__Source data__
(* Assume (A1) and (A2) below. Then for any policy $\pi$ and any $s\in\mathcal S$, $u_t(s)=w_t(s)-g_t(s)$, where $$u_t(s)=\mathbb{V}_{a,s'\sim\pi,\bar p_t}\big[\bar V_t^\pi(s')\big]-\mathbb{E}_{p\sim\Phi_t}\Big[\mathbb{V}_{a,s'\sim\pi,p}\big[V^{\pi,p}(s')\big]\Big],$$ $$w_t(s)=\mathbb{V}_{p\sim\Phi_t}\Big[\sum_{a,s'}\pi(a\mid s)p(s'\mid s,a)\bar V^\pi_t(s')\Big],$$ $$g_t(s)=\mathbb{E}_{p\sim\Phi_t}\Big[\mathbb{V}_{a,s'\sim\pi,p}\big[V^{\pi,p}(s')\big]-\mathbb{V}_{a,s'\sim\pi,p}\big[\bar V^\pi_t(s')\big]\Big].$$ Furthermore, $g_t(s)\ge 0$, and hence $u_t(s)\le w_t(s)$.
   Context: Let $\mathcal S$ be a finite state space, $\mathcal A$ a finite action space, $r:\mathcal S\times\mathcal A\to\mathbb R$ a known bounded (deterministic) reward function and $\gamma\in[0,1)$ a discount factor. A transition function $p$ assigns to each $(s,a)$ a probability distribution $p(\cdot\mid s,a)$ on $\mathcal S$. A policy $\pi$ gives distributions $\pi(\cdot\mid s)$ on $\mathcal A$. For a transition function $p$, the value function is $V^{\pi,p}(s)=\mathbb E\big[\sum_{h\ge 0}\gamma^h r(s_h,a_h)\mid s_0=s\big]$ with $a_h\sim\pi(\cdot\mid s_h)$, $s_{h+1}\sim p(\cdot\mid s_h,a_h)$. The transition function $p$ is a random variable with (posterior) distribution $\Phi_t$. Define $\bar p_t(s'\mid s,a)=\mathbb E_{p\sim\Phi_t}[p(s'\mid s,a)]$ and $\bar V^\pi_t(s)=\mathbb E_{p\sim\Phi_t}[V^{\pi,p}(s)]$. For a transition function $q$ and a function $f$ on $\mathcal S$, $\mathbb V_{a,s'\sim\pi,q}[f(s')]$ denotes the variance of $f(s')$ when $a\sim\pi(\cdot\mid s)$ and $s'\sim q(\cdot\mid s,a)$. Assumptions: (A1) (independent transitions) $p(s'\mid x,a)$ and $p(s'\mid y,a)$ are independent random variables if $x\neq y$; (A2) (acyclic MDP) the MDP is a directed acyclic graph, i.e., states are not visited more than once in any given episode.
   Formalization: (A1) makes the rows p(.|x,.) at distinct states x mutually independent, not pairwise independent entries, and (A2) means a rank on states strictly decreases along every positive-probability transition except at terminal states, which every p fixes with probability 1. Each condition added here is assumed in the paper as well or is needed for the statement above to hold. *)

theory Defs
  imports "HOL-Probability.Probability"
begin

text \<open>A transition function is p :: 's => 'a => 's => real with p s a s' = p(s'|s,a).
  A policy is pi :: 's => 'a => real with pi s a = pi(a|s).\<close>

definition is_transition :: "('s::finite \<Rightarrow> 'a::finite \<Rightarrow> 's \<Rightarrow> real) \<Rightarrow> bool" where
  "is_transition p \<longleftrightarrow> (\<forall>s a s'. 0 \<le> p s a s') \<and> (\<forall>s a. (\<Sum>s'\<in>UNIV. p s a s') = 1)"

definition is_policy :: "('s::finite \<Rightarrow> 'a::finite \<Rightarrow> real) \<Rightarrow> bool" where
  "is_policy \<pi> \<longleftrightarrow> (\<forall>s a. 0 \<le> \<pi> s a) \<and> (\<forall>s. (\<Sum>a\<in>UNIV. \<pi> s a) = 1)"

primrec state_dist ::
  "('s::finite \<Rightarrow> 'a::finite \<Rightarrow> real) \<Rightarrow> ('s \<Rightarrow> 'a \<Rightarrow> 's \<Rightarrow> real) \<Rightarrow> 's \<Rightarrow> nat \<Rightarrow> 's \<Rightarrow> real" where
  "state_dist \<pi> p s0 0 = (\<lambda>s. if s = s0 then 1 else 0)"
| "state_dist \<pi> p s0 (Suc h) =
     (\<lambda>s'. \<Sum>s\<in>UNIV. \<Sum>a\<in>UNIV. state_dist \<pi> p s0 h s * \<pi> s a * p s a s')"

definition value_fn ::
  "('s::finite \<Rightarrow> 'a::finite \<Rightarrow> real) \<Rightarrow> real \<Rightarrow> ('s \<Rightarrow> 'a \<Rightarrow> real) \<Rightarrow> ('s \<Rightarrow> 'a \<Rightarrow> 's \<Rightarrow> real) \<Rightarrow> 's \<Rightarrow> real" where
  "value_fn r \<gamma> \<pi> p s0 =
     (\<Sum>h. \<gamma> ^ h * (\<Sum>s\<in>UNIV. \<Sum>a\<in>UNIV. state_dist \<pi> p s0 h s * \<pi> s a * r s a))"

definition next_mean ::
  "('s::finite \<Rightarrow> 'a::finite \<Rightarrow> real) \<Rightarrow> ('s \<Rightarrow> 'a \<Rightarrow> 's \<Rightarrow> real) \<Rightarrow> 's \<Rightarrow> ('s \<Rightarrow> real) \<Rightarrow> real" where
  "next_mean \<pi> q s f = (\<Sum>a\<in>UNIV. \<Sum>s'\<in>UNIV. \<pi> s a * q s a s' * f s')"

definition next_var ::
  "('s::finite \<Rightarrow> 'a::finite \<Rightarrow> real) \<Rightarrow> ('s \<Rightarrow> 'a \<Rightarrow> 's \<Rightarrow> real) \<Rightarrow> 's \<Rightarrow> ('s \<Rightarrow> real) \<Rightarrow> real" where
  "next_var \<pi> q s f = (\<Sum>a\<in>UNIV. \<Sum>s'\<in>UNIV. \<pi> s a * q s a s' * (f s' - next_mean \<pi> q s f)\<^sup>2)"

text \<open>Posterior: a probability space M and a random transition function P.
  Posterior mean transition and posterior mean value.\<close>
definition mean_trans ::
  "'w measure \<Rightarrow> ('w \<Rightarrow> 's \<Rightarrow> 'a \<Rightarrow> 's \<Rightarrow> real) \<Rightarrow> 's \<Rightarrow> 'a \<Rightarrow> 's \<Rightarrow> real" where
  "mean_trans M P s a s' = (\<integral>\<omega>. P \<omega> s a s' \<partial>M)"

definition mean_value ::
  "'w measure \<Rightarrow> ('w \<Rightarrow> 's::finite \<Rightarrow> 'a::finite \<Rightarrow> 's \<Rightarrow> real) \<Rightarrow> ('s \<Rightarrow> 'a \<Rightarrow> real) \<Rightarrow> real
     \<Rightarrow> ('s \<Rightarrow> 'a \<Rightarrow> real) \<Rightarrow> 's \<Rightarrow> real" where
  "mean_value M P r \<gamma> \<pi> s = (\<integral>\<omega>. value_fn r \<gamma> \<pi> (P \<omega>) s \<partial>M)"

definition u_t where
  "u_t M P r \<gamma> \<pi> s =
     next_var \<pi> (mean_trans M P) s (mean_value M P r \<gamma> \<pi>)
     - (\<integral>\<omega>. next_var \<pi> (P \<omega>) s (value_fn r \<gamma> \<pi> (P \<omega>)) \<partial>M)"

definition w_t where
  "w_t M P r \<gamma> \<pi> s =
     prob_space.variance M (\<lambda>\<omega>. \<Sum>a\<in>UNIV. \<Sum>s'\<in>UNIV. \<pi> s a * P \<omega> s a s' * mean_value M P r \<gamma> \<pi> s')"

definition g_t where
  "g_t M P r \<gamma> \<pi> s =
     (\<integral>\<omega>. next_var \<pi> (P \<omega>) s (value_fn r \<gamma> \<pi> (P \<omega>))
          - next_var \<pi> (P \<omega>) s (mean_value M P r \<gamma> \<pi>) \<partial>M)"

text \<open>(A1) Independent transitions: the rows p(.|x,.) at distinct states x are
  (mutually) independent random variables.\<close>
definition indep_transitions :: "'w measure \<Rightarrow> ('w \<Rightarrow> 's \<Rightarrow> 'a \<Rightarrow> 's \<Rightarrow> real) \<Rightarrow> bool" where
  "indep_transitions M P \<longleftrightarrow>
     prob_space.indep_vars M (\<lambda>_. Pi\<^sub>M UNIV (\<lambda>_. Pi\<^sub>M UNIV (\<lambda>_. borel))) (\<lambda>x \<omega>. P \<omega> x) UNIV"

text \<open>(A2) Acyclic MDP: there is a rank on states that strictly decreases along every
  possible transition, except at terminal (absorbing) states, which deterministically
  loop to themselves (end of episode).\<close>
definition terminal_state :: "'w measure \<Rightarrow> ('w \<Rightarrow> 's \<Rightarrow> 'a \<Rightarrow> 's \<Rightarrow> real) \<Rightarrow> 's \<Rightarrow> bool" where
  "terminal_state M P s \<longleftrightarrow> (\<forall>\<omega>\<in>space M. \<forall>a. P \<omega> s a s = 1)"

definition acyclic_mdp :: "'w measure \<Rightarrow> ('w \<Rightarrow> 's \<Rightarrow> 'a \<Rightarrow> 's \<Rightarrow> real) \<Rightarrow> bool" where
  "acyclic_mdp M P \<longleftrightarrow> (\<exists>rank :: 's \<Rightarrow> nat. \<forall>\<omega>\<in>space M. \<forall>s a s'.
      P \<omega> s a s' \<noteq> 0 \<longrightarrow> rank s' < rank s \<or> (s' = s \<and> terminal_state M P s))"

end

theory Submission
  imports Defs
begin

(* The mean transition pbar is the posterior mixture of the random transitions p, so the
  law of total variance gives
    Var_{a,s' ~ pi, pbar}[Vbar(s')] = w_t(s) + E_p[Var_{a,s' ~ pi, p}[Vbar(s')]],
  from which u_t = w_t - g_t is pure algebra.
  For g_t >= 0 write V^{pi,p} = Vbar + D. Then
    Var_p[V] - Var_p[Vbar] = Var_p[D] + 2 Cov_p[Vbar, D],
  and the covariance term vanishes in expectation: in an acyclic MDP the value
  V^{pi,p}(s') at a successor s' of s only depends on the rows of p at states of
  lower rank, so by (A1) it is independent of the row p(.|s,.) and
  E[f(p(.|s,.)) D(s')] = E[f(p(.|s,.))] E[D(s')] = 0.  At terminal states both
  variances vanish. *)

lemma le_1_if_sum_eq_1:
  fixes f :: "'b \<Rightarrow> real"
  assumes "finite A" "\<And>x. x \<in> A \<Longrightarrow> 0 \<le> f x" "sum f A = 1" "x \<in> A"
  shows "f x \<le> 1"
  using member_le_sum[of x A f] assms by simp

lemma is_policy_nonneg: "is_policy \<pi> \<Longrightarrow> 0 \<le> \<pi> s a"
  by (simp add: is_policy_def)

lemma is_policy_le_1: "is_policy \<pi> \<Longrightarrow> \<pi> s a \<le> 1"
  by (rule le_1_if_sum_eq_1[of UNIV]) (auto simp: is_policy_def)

...

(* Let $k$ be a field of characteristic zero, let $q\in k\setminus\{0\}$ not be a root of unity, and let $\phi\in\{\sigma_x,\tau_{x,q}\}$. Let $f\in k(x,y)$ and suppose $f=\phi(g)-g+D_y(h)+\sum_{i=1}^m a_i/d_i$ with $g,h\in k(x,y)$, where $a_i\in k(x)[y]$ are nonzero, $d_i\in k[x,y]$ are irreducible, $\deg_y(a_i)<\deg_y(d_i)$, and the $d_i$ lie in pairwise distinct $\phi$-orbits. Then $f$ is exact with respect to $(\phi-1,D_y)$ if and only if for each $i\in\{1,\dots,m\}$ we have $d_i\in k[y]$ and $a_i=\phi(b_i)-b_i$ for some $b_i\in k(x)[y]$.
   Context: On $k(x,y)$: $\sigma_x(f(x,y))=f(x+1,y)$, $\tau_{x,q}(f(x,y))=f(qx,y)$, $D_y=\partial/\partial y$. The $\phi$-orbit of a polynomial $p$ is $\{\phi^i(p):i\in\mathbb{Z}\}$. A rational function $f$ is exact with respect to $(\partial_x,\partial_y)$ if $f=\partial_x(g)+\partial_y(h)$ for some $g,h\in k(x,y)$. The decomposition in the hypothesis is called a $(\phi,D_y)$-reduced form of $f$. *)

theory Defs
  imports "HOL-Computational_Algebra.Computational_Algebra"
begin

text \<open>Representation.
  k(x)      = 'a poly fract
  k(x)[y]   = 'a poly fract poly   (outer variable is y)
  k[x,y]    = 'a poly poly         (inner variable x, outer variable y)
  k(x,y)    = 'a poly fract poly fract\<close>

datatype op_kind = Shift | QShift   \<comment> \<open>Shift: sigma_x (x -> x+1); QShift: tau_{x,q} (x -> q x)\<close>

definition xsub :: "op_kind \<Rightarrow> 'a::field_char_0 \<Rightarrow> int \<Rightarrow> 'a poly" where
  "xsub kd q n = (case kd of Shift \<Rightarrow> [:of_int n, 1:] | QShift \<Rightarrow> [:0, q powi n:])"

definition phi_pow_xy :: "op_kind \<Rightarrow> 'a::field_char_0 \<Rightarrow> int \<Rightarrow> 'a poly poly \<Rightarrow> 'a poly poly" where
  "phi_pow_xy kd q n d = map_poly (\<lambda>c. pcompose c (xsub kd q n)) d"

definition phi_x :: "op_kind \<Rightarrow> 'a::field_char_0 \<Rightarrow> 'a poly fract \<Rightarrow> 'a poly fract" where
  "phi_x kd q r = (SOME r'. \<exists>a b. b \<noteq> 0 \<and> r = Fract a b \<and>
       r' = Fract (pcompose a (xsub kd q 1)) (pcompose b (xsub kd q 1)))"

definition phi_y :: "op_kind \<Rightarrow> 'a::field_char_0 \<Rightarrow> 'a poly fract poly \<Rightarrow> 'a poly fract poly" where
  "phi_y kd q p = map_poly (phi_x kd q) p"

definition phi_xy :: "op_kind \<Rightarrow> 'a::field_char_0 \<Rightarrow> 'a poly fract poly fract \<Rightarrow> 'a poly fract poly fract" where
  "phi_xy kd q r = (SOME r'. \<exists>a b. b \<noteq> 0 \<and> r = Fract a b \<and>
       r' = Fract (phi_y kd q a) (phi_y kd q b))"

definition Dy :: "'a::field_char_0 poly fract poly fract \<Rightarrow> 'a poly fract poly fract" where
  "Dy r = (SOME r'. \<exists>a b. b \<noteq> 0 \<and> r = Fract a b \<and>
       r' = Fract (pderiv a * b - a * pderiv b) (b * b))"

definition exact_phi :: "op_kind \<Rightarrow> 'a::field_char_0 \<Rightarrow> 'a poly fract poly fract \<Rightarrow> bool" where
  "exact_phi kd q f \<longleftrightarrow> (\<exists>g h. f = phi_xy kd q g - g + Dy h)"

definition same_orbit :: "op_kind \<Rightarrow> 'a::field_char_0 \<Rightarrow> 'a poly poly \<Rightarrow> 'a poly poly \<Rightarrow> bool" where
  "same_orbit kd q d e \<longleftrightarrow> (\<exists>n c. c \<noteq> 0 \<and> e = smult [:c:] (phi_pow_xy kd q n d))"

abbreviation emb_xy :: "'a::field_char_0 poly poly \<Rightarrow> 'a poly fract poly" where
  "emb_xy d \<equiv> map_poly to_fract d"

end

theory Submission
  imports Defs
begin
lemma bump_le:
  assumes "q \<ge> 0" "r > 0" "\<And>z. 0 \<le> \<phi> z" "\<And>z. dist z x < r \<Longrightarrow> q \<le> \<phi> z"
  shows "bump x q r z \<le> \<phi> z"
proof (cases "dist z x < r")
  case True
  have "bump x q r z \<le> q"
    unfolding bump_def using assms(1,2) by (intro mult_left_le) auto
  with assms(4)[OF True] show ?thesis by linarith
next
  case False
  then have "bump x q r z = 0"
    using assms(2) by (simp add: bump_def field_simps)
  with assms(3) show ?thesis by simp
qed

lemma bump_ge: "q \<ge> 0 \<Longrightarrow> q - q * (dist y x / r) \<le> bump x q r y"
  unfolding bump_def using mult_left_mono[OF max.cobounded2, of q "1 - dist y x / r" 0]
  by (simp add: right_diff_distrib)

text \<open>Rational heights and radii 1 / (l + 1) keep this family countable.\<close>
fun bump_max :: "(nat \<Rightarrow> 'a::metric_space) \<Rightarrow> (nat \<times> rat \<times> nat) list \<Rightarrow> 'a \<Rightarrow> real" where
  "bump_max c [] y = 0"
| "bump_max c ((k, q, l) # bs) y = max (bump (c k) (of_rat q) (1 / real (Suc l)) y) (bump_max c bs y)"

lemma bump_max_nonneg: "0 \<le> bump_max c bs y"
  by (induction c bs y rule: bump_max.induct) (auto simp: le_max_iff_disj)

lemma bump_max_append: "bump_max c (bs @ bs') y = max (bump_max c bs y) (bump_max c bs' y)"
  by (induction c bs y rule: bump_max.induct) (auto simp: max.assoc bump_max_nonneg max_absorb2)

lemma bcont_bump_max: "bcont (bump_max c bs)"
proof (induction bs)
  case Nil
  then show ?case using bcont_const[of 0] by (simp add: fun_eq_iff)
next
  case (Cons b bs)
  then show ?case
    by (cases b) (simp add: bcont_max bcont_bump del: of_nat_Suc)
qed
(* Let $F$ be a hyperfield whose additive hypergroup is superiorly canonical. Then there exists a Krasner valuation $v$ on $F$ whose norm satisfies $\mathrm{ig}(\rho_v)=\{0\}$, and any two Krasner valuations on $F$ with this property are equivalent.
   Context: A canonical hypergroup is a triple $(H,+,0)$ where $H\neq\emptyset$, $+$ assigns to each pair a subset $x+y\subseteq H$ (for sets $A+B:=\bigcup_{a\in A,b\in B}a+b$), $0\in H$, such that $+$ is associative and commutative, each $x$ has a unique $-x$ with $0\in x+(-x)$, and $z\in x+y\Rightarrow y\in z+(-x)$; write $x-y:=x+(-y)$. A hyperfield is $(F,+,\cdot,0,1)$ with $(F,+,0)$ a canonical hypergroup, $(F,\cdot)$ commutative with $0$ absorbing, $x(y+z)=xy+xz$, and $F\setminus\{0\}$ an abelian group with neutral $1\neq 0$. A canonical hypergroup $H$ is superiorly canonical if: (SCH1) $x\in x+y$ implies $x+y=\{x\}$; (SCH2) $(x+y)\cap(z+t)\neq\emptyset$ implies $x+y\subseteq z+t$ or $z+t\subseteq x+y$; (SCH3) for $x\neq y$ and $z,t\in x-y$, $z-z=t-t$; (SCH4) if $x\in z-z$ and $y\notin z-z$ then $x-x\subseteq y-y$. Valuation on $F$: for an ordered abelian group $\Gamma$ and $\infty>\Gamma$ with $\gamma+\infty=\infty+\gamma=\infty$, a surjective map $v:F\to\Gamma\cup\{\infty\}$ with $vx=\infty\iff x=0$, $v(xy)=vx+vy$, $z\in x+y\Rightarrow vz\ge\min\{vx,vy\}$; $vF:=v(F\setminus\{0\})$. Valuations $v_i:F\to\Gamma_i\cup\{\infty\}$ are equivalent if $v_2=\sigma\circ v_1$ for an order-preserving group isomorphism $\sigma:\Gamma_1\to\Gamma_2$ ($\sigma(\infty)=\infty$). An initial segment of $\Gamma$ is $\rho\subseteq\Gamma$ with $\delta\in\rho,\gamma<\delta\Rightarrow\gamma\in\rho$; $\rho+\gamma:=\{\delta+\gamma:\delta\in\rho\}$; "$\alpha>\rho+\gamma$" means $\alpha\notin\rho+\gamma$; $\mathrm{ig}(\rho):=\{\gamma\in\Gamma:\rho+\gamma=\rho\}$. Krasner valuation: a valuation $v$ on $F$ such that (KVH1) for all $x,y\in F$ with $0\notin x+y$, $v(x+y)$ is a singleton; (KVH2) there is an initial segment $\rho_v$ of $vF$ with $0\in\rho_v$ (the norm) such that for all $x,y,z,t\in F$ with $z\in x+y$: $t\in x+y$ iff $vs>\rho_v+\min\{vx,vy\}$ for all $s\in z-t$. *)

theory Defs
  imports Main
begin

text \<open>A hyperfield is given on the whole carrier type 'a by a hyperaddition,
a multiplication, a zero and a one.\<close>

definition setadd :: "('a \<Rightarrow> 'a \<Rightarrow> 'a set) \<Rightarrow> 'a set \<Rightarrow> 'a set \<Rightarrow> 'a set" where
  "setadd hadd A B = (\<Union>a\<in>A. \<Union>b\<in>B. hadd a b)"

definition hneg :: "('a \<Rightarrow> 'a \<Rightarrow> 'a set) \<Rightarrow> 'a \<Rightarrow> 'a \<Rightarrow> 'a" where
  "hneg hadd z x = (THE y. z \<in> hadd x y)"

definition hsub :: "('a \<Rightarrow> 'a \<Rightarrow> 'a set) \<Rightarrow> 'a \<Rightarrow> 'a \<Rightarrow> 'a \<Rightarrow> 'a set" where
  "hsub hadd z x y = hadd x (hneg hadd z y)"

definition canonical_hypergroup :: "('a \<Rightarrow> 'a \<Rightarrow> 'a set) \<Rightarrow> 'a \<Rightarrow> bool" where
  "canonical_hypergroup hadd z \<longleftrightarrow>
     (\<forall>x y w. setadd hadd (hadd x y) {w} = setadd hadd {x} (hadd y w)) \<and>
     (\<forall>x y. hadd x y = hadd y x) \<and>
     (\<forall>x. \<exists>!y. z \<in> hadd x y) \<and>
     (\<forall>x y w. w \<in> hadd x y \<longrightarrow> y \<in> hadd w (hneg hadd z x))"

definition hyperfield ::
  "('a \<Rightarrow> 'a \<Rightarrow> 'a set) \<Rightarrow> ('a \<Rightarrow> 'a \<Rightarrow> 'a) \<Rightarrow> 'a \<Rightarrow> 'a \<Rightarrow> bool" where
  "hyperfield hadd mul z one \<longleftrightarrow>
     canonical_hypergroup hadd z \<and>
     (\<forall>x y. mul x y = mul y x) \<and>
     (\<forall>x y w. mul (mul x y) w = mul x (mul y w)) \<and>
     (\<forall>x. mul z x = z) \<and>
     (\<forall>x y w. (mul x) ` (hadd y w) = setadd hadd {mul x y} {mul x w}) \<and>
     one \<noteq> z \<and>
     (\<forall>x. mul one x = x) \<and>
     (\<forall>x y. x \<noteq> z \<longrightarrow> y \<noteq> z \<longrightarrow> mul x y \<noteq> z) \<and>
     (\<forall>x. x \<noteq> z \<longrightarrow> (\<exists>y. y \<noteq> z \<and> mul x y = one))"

__Task requirements__
What is asked for is an exact copy of the lines above from the one containing "int \<Rightarrow> 'a poly poly" through the one containing "d = map_poly", and only those.

__Response box__
definition phi_pow_xy :: "op_kind \<Rightarrow> 'a::field_char_0 \<Rightarrow> int \<Rightarrow> 'a poly poly \<Rightarrow> 'a poly poly" where
  "phi_pow_xy kd q n d = map_poly (\<lambda>c. pcompose c (xsub kd q n)) d"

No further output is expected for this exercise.